***** Data for review *****

lemma card_mod_eq_less:
  fixes D n y :: nat
  assumes "y < n"
  shows "card {k. k < D \<and> k mod n = y} = D div n + (if y < D mod n then 1 else 0)"
proof (induction D)
  case 0
  then show ?case by simp
next
  case (Suc D)
  have "{k. k < Suc D \<and> k mod n = y} = {k. k < D \<and> k mod n = y} \<union> (if D mod n = y then {D} else {})"
    by (auto simp: less_Suc_eq)
  then have "card {k. k < Suc D \<and> k mod n = y} = card {k. k < D \<and> k mod n = y} + (if D mod n = y then 1 else 0)"
    by (auto simp: card_insert_if)
  also have "\<dots> = Suc D div n + (if y < Suc D mod n then 1 else 0)"
    using Suc.IH assms by (cases "Suc (D mod n) = n") (auto simp: div_Suc mod_Suc)
  finally show ?case .
qed

text \<open>With \<open>H_j = (\<Sum>i<j. d i)\<close>, the blocks \<open>[H_j, H_j + d j)\<close> tile \<open>[0, H_M)\<close>; being at
  most \<open>n\<close> long, each contains at most one number congruent to \<open>y\<close>, and it does so exactly
  when \<open>j\<close> is counted.\<close>

lemma card_designated_eq_card_mod:
  fixes d :: "nat \<Rightarrow> nat" and y n M :: nat
  assumes "y < n" "\<And>j. j < M \<Longrightarrow> d j \<le> n"
  shows "card {j. j < M \<and> (int y - int (\<Sum>i<j. d i)) mod int n < int (d j)} =
         card {k. k < (\<Sum>i<M. d i) \<and> k mod n = y}"
  using assms(2)
proof (induction M)
  case 0
  then show ?case by simp
next
  case (Suc M)
  define H where "H = (\<Sum>i<M. d i)"
  define hit where "hit j \<longleftrightarrow> (int y - int (\<Sum>i<j. d i)) mod int n < int (d j)" for j
  have "{j. j < Suc M \<and> hit j} = {j. j < M \<and> hit j} \<union> (if hit M then {M} else {})"
    by (auto simp: less_Suc_eq)
  then have "card {j. j < Suc M \<and> hit j} = card {j. j < M \<and> hit j} + (if hit M then 1 else 0)"
    by (auto simp: card_insert_if)
  also have "card {j. j < M \<and> hit j} = card {k. k < H \<and> k mod n = y}"
    using Suc unfolding hit_def H_def by simp
  also have "(if hit M then 1 else 0) = card {k. H \<le> k \<and> k < H + d M \<and> k mod n = y}"
    using card_interval_mod_eq[OF assms(1) Suc.prems[of M]] unfolding hit_def H_def by simp
  also have "card {k. k < H \<and> k mod n = y} + \<dots> = card {k. k < H + d M \<and> k mod n = y}"
    by (subst card_Un_disjoint[symmetric]) (auto intro: arg_cong[where f = card])
  finally show ?case
    unfolding hit_def H_def by simp
qed

section \<open>Balanced allocation\<close>

lemma div_add_indicator_between_floor_ceiling:
  fixes N n y :: nat
  assumes "0 < n"
  shows "\<lfloor>real N / real n\<rfloor> \<le> int (N div n + (if y < N mod n then 1 else 0)) \<and>
         int (N div n + (if y < N mod n then 1 else 0)) \<le> \<lceil>real N / real n\<rceil>"
proof -
  have floor: "\<lfloor>real N / real n\<rfloor> = int (N div n)"
    by (rule floor_divide_of_nat_eq)
  then have "real (N div n) \<le> real N / real n"
    by (metis of_int_floor_le of_int_of_nat_eq)
  moreover have "real (N div n) < real N / real n" if "0 < N mod n"
  proof -
    have "real n * real (N div n) < real N"
      using that div_mult_mod_eq[of N n] by (metis of_nat_add of_nat_less_iff of_nat_mult less_add_same_cancel1 mult.commute)
    then show ?thesis
      using assms by (simp add: field_simps)
  qed
  ultimately have "int (N div n + (if y < N mod n then 1 else 0)) \<le> \<lceil>real N / real n\<rceil>"
    by (auto simp: le_ceiling_iff)
  then show ?thesis
    by (simp add: floor)
qed

lemma sum_choose_atLeast1: "(\<Sum>s\<in>{1..n}. n choose s) = 2 ^ n - 1"
proof -
  have "{..n} = insert 0 {1..n}"
    by auto
  then show ?thesis
    using choose_row_sum[of n] by simp
qed

lemma n_card_Aset_add_Hval:
  assumes "distinct L" "set L = (\<Union>s\<in>{1..n}. Pset n s)"
  shows "n * card (\<Union>s\<in>{1..n}. Aset n s) + Hval n L (length L) = 2 ^ n - 1"
proof -
  have fin: "finite (Aset n s)" "finite (Pset n s)" if "s \<in> {1..n}" for s
    using finite_Eset[of s n] that unfolding Aset_def Pset_def by auto
  have "card (\<Union>s\<in>{1..n}. Aset n s) = (\<Sum>s\<in>{1..n}. card (Aset n s))"
    using fin Aset_disjoint by (intro card_UN_disjoint) auto
  moreover have "Hval n L (length L) = sum (dval n) (set L)"
    unfolding Hval_def using sum_list_distinct_conv_sum_set[OF assms(1), of "dval n"]
    by (simp add: sum_list_sum_nth atLeast0LessThan)
  moreover have "\<dots> = (\<Sum>s\<in>{1..n}. \<Sum>t\<in>Pset n s. dval n t)"
    unfolding assms(2) using fin Pset_disjoint by (intro sum.UNION_disjoint) auto
  ultimately have "n * card (\<Union>s\<in>{1..n}. Aset n s) + Hval n L (length L)
      = (\<Sum>s\<in>{1..n}. n * card (Aset n s) + (\<Sum>t\<in>Pset n s. dval n t))"
    by (simp add: sum.distrib sum_distrib_left)
  also have "\<dots> = (\<Sum>s\<in>{1..n}. n choose s)"
    by (intro sum.cong refl n_card_Aset_add_sum_dval_Pset) auto
  finally show ?thesis
    unfolding sum_choose_atLeast1 .
qed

*****

__Task instructions__
All of the entries must be given again, word for word.

__Expected answer__
lemma card_mod_eq_less:
  fixes D n y :: nat
  assumes "y < n"
  shows "card {k. k < D \<and> k mod n = y} = D div n + (if y < D mod n then 1 else 0)"
proof (induction D)
  case 0
  then show ?case by simp
next
  case (Suc D)
  have "{k. k < Suc D \<and> k mod n = y} = {k. k < D \<and> k mod n = y} \<union> (if D mod n = y then {D} else {})"
    by (auto simp: less_Suc_eq)
  then have "card {k. k < Suc D \<and> k mod n = y} = card {k. k < D \<and> k mod n = y} + (if D mod n = y then 1 else 0)"
    by (auto simp: card_insert_if)
  also have "\<dots> = Suc D div n + (if y < Suc D mod n then 1 else 0)"
    using Suc.IH assms by (cases "Suc (D mod n) = n") (auto simp: div_Suc mod_Suc)
  finally show ?case .
qed

text \<open>With \<open>H_j = (\<Sum>i<j. d i)\<close>, the blocks \<open>[H_j, H_j + d j)\<close> tile \<open>[0, H_M)\<close>; being at
  most \<open>n\<close> long, each contains at most one number congruent to \<open>y\<close>, and it does so exactly
  when \<open>j\<close> is counted.\<close>

lemma card_designated_eq_card_mod:
  fixes d :: "nat \<Rightarrow> nat" and y n M :: nat
  assumes "y < n" "\<And>j. j < M \<Longrightarrow> d j \<le> n"
  shows "card {j. j < M \<and> (int y - int (\<Sum>i<j. d i)) mod int n < int (d j)} =
         card {k. k < (\<Sum>i<M. d i) \<and> k mod n = y}"
  using assms(2)
proof (induction M)
  case 0
  then show ?case by simp
next
  case (Suc M)
  define H where "H = (\<Sum>i<M. d i)"
  define hit where "hit j \<longleftrightarrow> (int y - int (\<Sum>i<j. d i)) mod int n < int (d j)" for j
  have "{j. j < Suc M \<and> hit j} = {j. j < M \<and> hit j} \<union> (if hit M then {M} else {})"
    by (auto simp: less_Suc_eq)
  then have "card {j. j < Suc M \<and> hit j} = card {j. j < M \<and> hit j} + (if hit M then 1 else 0)"
    by (auto simp: card_insert_if)
  also have "card {j. j < M \<and> hit j} = card {k. k < H \<and> k mod n = y}"
    using Suc unfolding hit_def H_def by simp
  also have "(if hit M then 1 else 0) = card {k. H \<le> k \<and> k < H + d M \<and> k mod n = y}"
    using card_interval_mod_eq[OF assms(1) Suc.prems[of M]] unfolding hit_def H_def by simp
  also have "card {k. k < H \<and> k mod n = y} + \<dots> = card {k. k < H + d M \<and> k mod n = y}"
    by (subst card_Un_disjoint[symmetric]) (auto intro: arg_cong[where f = card])
  finally show ?case
    unfolding hit_def H_def by simp
qed

section \<open>Balanced allocation\<close>

lemma div_add_indicator_between_floor_ceiling:
  fixes N n y :: nat
  assumes "0 < n"
  shows "\<lfloor>real N / real n\<rfloor> \<le> int (N div n + (if y < N mod n then 1 else 0)) \<and>
         int (N div n + (if y < N mod n then 1 else 0)) \<le> \<lceil>real N / real n\<rceil>"
proof -
  have floor: "\<lfloor>real N / real n\<rfloor> = int (N div n)"
    by (rule floor_divide_of_nat_eq)
  then have "real (N div n) \<le> real N / real n"
    by (metis of_int_floor_le of_int_of_nat_eq)
  moreover have "real (N div n) < real N / real n" if "0 < N mod n"
  proof -
    have "real n * real (N div n) < real N"
      using that div_mult_mod_eq[of N n] by (metis of_nat_add of_nat_less_iff of_nat_mult less_add_same_cancel1 mult.commute)
    then show ?thesis
      using assms by (simp add: field_simps)
  qed
  ultimately have "int (N div n + (if y < N mod n then 1 else 0)) \<le> \<lceil>real N / real n\<rceil>"
    by (auto simp: le_ceiling_iff)
  then show ?thesis
    by (simp add: floor)
qed

lemma sum_choose_atLeast1: "(\<Sum>s\<in>{1..n}. n choose s) = 2 ^ n - 1"
proof -
  have "{..n} = insert 0 {1..n}"
    by auto
  then show ?thesis
    using choose_row_sum[of n] by simp
qed

lemma n_card_Aset_add_Hval:
  assumes "distinct L" "set L = (\<Union>s\<in>{1..n}. Pset n s)"
  shows "n * card (\<Union>s\<in>{1..n}. Aset n s) + Hval n L (length L) = 2 ^ n - 1"
proof -
  have fin: "finite (Aset n s)" "finite (Pset n s)" if "s \<in> {1..n}" for s
    using finite_Eset[of s n] that unfolding Aset_def Pset_def by auto
  have "card (\<Union>s\<in>{1..n}. Aset n s) = (\<Sum>s\<in>{1..n}. card (Aset n s))"
    using fin Aset_disjoint by (intro card_UN_disjoint) auto
  moreover have "Hval n L (length L) = sum (dval n) (set L)"
    unfolding Hval_def using sum_list_distinct_conv_sum_set[OF assms(1), of "dval n"]
    by (simp add: sum_list_sum_nth atLeast0LessThan)
  moreover have "\<dots> = (\<Sum>s\<in>{1..n}. \<Sum>t\<in>Pset n s. dval n t)"
    unfolding assms(2) using fin Pset_disjoint by (intro sum.UNION_disjoint) auto
  ultimately have "n * card (\<Union>s\<in>{1..n}. Aset n s) + Hval n L (length L)
      = (\<Sum>s\<in>{1..n}. n * card (Aset n s) + (\<Sum>t\<in>Pset n s. dval n t))"
    by (simp add: sum.distrib sum_distrib_left)
  also have "\<dots> = (\<Sum>s\<in>{1..n}. n choose s)"
    by (intro sum.cong refl n_card_Aset_add_sum_dval_Pset) auto
  finally show ?thesis
    unfolding sum_choose_atLeast1 .
qed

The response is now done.